Fig. 3. Properties of deep breaths and bursts.

Fig. 3

a Heat maps at the top illustrate 90-s segments surrounding visually identified events. In different subjects, 35 examples each of bursts, deep breaths, and isolated non-respiratory motions were identified from respiratory belt traces and motion traces. In the motion-exhibiting subjects, a random set of timepoints was also selected. Illustrated are respiratory belt traces, three respiratory measures (ENV, RV, and RVT), the global (gray matter average) fMRI signal, head motion (framewise displacement, following filtering, and 4-TR calculation as in ref. 16), and DVARS (z-scored).

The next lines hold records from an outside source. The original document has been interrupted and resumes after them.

lemma step_bound:
  assumes feas: "dual_feasible \<alpha>" and i: "i < n"
    and step: "step_ok \<phi> d n lam \<sigma> x R \<gamma> allowV \<alpha> i \<Delta>" and R: "norm2 d (x i) \<le> R"
    and \<gamma>: "\<gamma> = 0 \<or> (\<gamma> > 0 \<and> smooth_loss \<gamma> (\<phi> i))"
    and V: "allowV \<Longrightarrow> \<gamma> > 0 \<and> smooth_loss \<gamma> (\<phi> i)"
    and s0: "0 \<le> s0" "s0 \<le> 1" "allowV \<Longrightarrow> s0 = lam * real n * \<gamma> / (R^2 + lam * real n * \<gamma>)"
  shows "dual_feasible (\<alpha>(i := \<alpha> i + \<Delta>)) \<and>
    (\<exists>u. (if active i then is_subgrad (\<phi> i) (margin \<alpha> i) (- u) else u = \<alpha> i) \<and>
    gain_bound \<gamma> (R^2) (lam * real n) (loss_gap \<alpha> i) (u - \<alpha> i) s0 \<le> real n * (dual (\<alpha>(i := \<alpha> i + \<Delta>)) - dual \<alpha>))"
proof (cases "active i")
  case False
  then have "margin \<alpha> i = 0" and "norm2 d (x i) = 0"
    using dotp_norm2_eq_0 unfolding margin_def active_def by auto
  then show ?thesis using dual_update_ge[OF i, of \<alpha> \<Delta>] feas False
    unfolding loss_gap_def psi_def gain_bound_def dual_feasible_def by (auto intro!: exI[of _ "\<alpha> i"])
next
  case True
  obtain u where sg: "is_subgrad (\<phi> i) (margin \<alpha> i) (- u)" and fin: "fconj (\<phi> i) (- (\<alpha> i + \<Delta>)) \<noteq> \<infinity>"
    and gain: "gain_bound \<gamma> (R^2) (lam * real n) (loss_gap \<alpha> i) (u - \<alpha> i) s0
      \<le> psi i (\<alpha> i) - psi i (\<alpha> i + \<Delta>) - (margin \<alpha> i * \<Delta> + (norm2 d (x i))^2 * \<Delta>^2 / (2 * lam * real n))"
    using step_ok_certified[OF feas i True step R \<gamma> V s0] by blast
  have "gain_bound \<gamma> (R^2) (lam * real n) (loss_gap \<alpha> i) (u - \<alpha> i) s0
      \<le> real n * (dual (\<alpha>(i := \<alpha> i + \<Delta>)) - dual \<alpha>)"
    using gain dual_update_ge[OF i, of \<alpha> \<Delta>] by linarith
  moreover have "dual_feasible (\<alpha>(i := \<alpha> i + \<Delta>))" using feas fin unfolding dual_feasible_def by auto
  ultimately show ?thesis using sg True by auto
qed

end

section \<open>Expected progress of the dual\<close>

lemma expect_Suc:
  assumes n: "n \<ge> 1"
  shows "expect n (Suc t) F = expect n t (\<lambda>is. (\<Sum>i<n. F (is(t := i))) / real n)"
proof -
  let ?P = "\<lambda>t. PiE {..<t} (\<lambda>_. {..<n})"
  have e: "?P (Suc t) = (\<lambda>(y, g). g(t := y)) ` ({..<n} \<times> ?P t)"
    using PiE_insert_eq[of t "{..<t}" "\<lambda>_. {..<n}"] by (simp add: lessThan_Suc)
  have inj: "inj_on (\<lambda>(y, g). g(t := y)) ({..<n} \<times> ?P t)"
    using inj_combinator[of t "{..<t}" "\<lambda>_. {..<n}"] by simp
  have "(\<Sum>is\<in>?P (Suc t). F is) = (\<Sum>y<n. \<Sum>g\<in>?P t. F (g(t := y)))"
    unfolding e sum.reindex[OF inj] by (simp add: sum.cartesian_product split_beta)
  also have "\<dots> = (\<Sum>g\<in>?P t. \<Sum>y<n. F (g(t := y)))"
    by (rule sum.swap)
  finally show ?thesis unfolding expect_def using n
    by (simp add: sum_divide_distrib[symmetric] field_simps)
qed

lemma expect_prefix:
  assumes n: "n \<ge> 1" and prefix: "\<And>is is'. (\<forall>k<t. is k = is' k) \<Longrightarrow> F is = F is'" and "t \<le> T"
  shows "expect n T F = expect n t F"
  using \<open>t \<le> T\<close>
proof (induction T)
  case (Suc T)
  show ?case
  proof (cases "t = Suc T")
    case False
    then have "t \<le> T" using Suc.prems by simp
    then have "F (is(T := i)) = F is" for "is" i by (intro prefix) auto
    then show ?thesis using Suc.IH \<open>t \<le> T\<close> n unfolding expect_Suc[OF n] by simp
  qed simp
qed simp

lemma expect_const: "n \<ge> 1 \<Longrightarrow> expect n T (\<lambda>_. c) = c"
  unfolding expect_def by (simp add: card_PiE)

lemma expect_add: "expect n T (\<lambda>is. F is + G is) = expect n T F + expect n T G"
  unfolding expect_def by (simp add: sum.distrib add_divide_distrib)

lemma expect_diff: "expect n T (\<lambda>is. F is - G is) = expect n T F - expect n T G"
  unfolding expect_def by (simp add: sum_subtractf diff_divide_distrib)

lemma expect_mult_left: "expect n T (\<lambda>is. c * F is) = c * expect n T F"
  unfolding expect_def by (simp add: sum_distrib_left)

lemma expect_divide: "expect n T (\<lambda>is. F is / c) = expect n T F / c"
  unfolding expect_def by (simp add: sum_divide_distrib[symmetric])

lemma expect_sum: "finite S \<Longrightarrow> expect n T (\<lambda>is. \<Sum>k\<in>S. F k is) = (\<Sum>k\<in>S. expect n T (F k))"
  unfolding expect_def by (simp add: sum.swap[of _ S] sum_divide_distrib)

lemma expect_mono:
  assumes "\<And>is. is \<in> PiE {..<T} (\<lambda>_. {..<n}) \<Longrightarrow> F is \<le> G is"
  shows "expect n T F \<le> expect n T G"
  unfolding expect_def by (intro divide_right_mono sum_mono assms) auto

lemma alphas_prefix: "(\<forall>k<t. is k = is' k) \<Longrightarrow> alphas upd is t = alphas upd is' t"
  by (induction t) (auto simp: Let_def)

lemma one_minus_power_le_exp:
  assumes "0 \<le> a" "a \<le> 1"
  shows "(1 - a)^t \<le> exp (- (a * real t))"
proof -
  have "(1 - a)^t \<le> (exp (- a))^t"
    using assms exp_ge_add_one_self[of "- a"] by (intro power_mono) auto
  then show ?thesis by (simp add: exp_of_nat_mult[symmetric] mult.commute)
qed

locale sdca_run = sdca +
  fixes upd :: "(nat \<Rightarrow> real) \<Rightarrow> nat \<Rightarrow> real" and s0 K :: real
  assumes s0_pos: "s0 > 0" and s0_le_1: "s0 \<le> 1" and K_nonneg: "K \<ge> 0"
    and update_bound: "\<And>\<alpha> i. dual_feasible \<alpha> \<Longrightarrow> i < n \<Longrightarrow> dual_feasible (\<alpha>(i := \<alpha> i + upd \<alpha> i)) \<and>
      real n * (dual (\<alpha>(i := \<alpha> i + upd \<alpha> i)) - dual \<alpha>) \<ge> s0 * loss_gap \<alpha> i - K"
begin

lemma alphas_feasible: "(\<forall>k<t. is k < n) \<Longrightarrow> dual_feasible (alphas upd is t)"
proof (induction t)
  case (Suc t)
  then have "dual_feasible (alphas upd is t)" "is t < n" by auto
  from conjunct1[OF update_bound[OF this]] show ?case by (simp only: alphas.simps Let_def)
qed (simp add: dual_feasible_0)

lemma alphas_feasible_PiE: "is \<in> PiE {..<t} (\<lambda>_. {..<n}) \<Longrightarrow> dual_feasible (alphas upd is t)"
  by (intro alphas_feasible) auto

definition "primal_opt = (INF w. primal w)"

lemma primal_opt_le: "primal_opt \<le> primal w"
  unfolding primal_opt_def
  by (rule cINF_lower) (use weak_duality[OF dual_feasible_0] in \<open>auto simp: bdd_below_def\<close>)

A gray/red heatmap represents statistically significant differences from the random events (two-sample t-test, two-tailed) beyond p < 0.001, illustrated on a logarithmic scale capped at p < 1e−10. The basis of bursts and deep breaths are apparent in the respiratory belt images. b Mean signals of ENV, RV, and RVT congruently mark bursts, but deep breaths display differences across the respiratory measures, with RVT having little positive deflection. c Mean global fMRI signals differ across patterns: deep breaths have brief signal increases and marked signal decreases with nadir near 15 s, and 30 s to resolution, on average. Bursts have more marked positive deflections, and slower timecourses on average, resolving near 40 s on average. Motion produces no global fMRI signal changes. Shade plots reflect mean and std. d Deep breaths display considerable motion and DVARS changes time-locked to event onsets; bursts have smaller time-locked modulations that do not achieve significance. Source data are provided as a source data file.